La violence comme outil politique
Le fascisme, dans son histoire comme dans ses formes contemporaines, ne se réduit jamais à un corpus d’idées. Il est indissociable d’une pratique. Une pratique de la violence. Non pas une violence désordonnée, irrationnelle ou marginale, mais une violence organisée, ciblée, pensée comme un levier stratégique.
Cette violence n’est pas un débordement. Elle est un langage. Elle produit des effets politiques concrets.
Elle sert plusieurs objectifs précis. Intimider les adversaires, en transformant leur engagement en risque personnel. Désorganiser les structures militantes, en rendant toute activité instable, incertaine, vulnérable. Tester la capacité de réponse, mesurer les résistances, identifier les failles. Créer un climat d’insécurité politique, où l’expression elle-même devient coûteuse.
Mais au-delà de ces fonctions immédiates, cette violence porte un projet plus profond. Elle vise à réintroduire la domination comme évidence. À rappeler que certains peuvent frapper, et que d’autres doivent apprendre à encaisser ou à disparaître. Elle met en scène un ordre du monde où la force physique redevient un principe de hiérarchisation politique.
Chaque attaque est un message adressé à plusieurs destinataires. Aux militants visés, pour les dissuader. À leurs organisations, pour les fragiliser. Au reste de la société, pour banaliser l’idée que la violence politique est possible, voire inévitable.
Chaque agression est une tentative d’élargir le champ du possible. Ce qui était impensable hier devient tolérable aujourd’hui, puis banal demain. La répétition joue un rôle central. Elle installe, progressivement, une nouvelle norme.
Dans ce cadre, la violence n’est pas un excès. Elle est un instrument. Un instrument de conquête, de contrôle, de transformation du rapport de force.
Comprendre cela est essentiel. Car tant que cette dimension est niée ou minimisée, la réponse reste inadéquate. On traite des symptômes là où il faudrait analyser une stratégie. On condamne des actes isolés sans voir la logique qui les relie.
Refuser cette lecture, c’est se condamner à subir. La reconnaître, c’est se donner les moyens de penser une réponse politique à la hauteur de ce qui est réellement en jeu.

L’illusion de la symétrie
Face à ces situations, une rhétorique bien connue se déploie presque mécaniquement. Celle de la symétrie. Deux camps. Deux violences. Deux radicalités supposément équivalentes qui se feraient face dans un affrontement indistinct.
Cette lecture est profondément trompeuse. Elle ne relève pas d’une simple erreur d’analyse. Elle constitue un positionnement politique en soi. Car ce qu’elle efface, systématiquement, c’est la question centrale qui initie la confrontation, dans quel but, avec quels moyens..
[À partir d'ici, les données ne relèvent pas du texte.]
lemma gap_average_tendsto:
  fixes c e h :: "nat \<Rightarrow> real"
  assumes c_nonneg: "\<And>i. 0 \<le> c i" and c_summable: "summable c"
    and e_nonneg: "\<And>i. 0 \<le> e i" and e_sum_le: "\<And>k. (\<Sum>i<k. e i) \<le> E"
    and h_bound: "\<And>i. \<bar>h i\<bar> \<le> B"
  shows "summable (\<lambda>i. c i * h i)
    \<and> (\<lambda>k. (z + (\<Sum>i<k. h i * (c i * (real k - real i) + e i))) / (real k + 1))
        \<longlonglongrightarrow> (\<Sum>i. c i * h i)"
proof -
  have B: "0 \<le> B"
    using h_bound[of 0] by linarith
  have ch_bound: "norm (c i * h i) \<le> c i * B" for i
    using c_nonneg[of i] h_bound[of i] by (simp add: abs_mult mult_left_mono)
  define a where "a i k = (if i < k then c i * h i * ((real k - real i) / (real k + 1)) else 0)" for i k
  have a_lim: "(\<lambda>k. a i k) \<longlonglongrightarrow> c i * h i" for i
  proof -
    have "(\<lambda>k. c i * h i * ((real k - real i) / (real k + 1))) \<longlonglongrightarrow> c i * h i * 1"
      by (intro tendsto_mult tendsto_const) real_asymp
    moreover have "\<forall>\<^sub>F k in sequentially. c i * h i * ((real k - real i) / (real k + 1)) = a i k"
      using eventually_gt_at_top[of i] by eventually_elim (simp add: a_def)
    ultimately show ?thesis
      by (simp add: Lim_transform_eventually)
  qed
  have a_bound: "norm (a i k) \<le> c i * B" for i k
  proof (cases "i < k")
    case True
    have "norm (a i k) = \<bar>c i * h i\<bar> * \<bar>(real k - real i) / (real k + 1)\<bar>"
      using True by (simp only: a_def if_True real_norm_def abs_mult)
    also have "\<dots> \<le> \<bar>c i * h i\<bar> * 1"
      using True by (intro mult_left_mono) simp_all
    finally show ?thesis
      using ch_bound[of i] by simp
  qed (simp add: a_def c_nonneg B)
  have summable_bound: "summable (\<lambda>i. c i * B)"
    using c_summable by (rule summable_mult2)
  have "(\<lambda>k. suminf (\<lambda>i. a i k)) \<longlonglongrightarrow> (\<Sum>i. c i * h i)"
    using tannerys_theorem[of a "\<lambda>i. c i * h i" sequentially "\<lambda>i. c i * B"] a_lim a_bound summable_bound
    by (auto intro: always_eventually)
  moreover have "suminf (\<lambda>i. a i k) = (\<Sum>i<k. c i * h i * (real k - real i)) / (real k + 1)" for k
    by (subst suminf_finite[where N = "{..<k}"]) (auto simp: a_def sum_divide_distrib)
  ultimately have main:
    "(\<lambda>k. (\<Sum>i<k. c i * h i * (real k - real i)) / (real k + 1)) \<longlonglongrightarrow> (\<Sum>i. c i * h i)"
    by simp
  have "norm (\<Sum>i<k. h i * e i) \<le> B * E" for k
  proof -
    have "norm (\<Sum>i<k. h i * e i) \<le> (\<Sum>i<k. B * e i)"
      using h_bound e_nonneg by (intro sum_norm_le) (simp add: abs_mult mult_right_mono)
    also have "\<dots> \<le> B * E"
      using e_sum_le B by (simp add: mult_left_mono flip: sum_distrib_left)
    finally show ?thesis .
  qed
  then have "\<forall>\<^sub>F k in sequentially. norm ((\<Sum>i<k. h i * e i) / (real k + 1)) \<le> B * E / (real k + 1)"
    by (intro always_eventually allI) (simp add: divide_right_mono)
  then have rest: "(\<lambda>k. (\<Sum>i<k. h i * e i) / (real k + 1)) \<longlonglongrightarrow> 0"
    by (rule Lim_null_comparison) real_asymp
  have const: "(\<lambda>k. z / (real k + 1)) \<longlonglongrightarrow> 0"
    by real_asymp
  have "(\<lambda>k. z / (real k + 1) + (\<Sum>i<k. c i * h i * (real k - real i)) / (real k + 1)
      + (\<Sum>i<k. h i * e i) / (real k + 1)) \<longlonglongrightarrow> 0 + (\<Sum>i. c i * h i) + 0"
    by (intro tendsto_add const main rest)
  moreover have "summable (\<lambda>i. c i * h i)"
    using summable_bound ch_bound by (rule summable_comparison_test')
  moreover have "(z + (\<Sum>i<k. h i * (c i * (real k - real i) + e i))) / (real k + 1)
      = z / (real k + 1) + (\<Sum>i<k. c i * h i * (real k - real i)) / (real k + 1)
        + (\<Sum>i<k. h i * e i) / (real k + 1)" for k
    by (simp add: sum.distrib distrib_left add_divide_distrib mult_ac)
  ultimately show ?thesis
    by simp
qed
En gommant ces éléments, elle fabrique une équivalence artificielle. Elle transforme une agression en simple épisode d’un conflit abstrait. Elle dissout la responsabilité dans une confusion générale où plus rien ne peut être qualifié.
Mettre sur le même plan l’agression et la riposte, c’est neutraliser politiquement la possibilité même de se défendre. C’est désarmer un camp au nom d’une prétendue neutralité qui, dans les faits, ne l’est jamais.
Car celui qui attaque choisit. Le moment. Le lieu. Les conditions. Celui qui subit, lui, n’a pas ce privilège. Il agit dans l’urgence, dans la contrainte, dans une situation qu’il n’a pas décidée.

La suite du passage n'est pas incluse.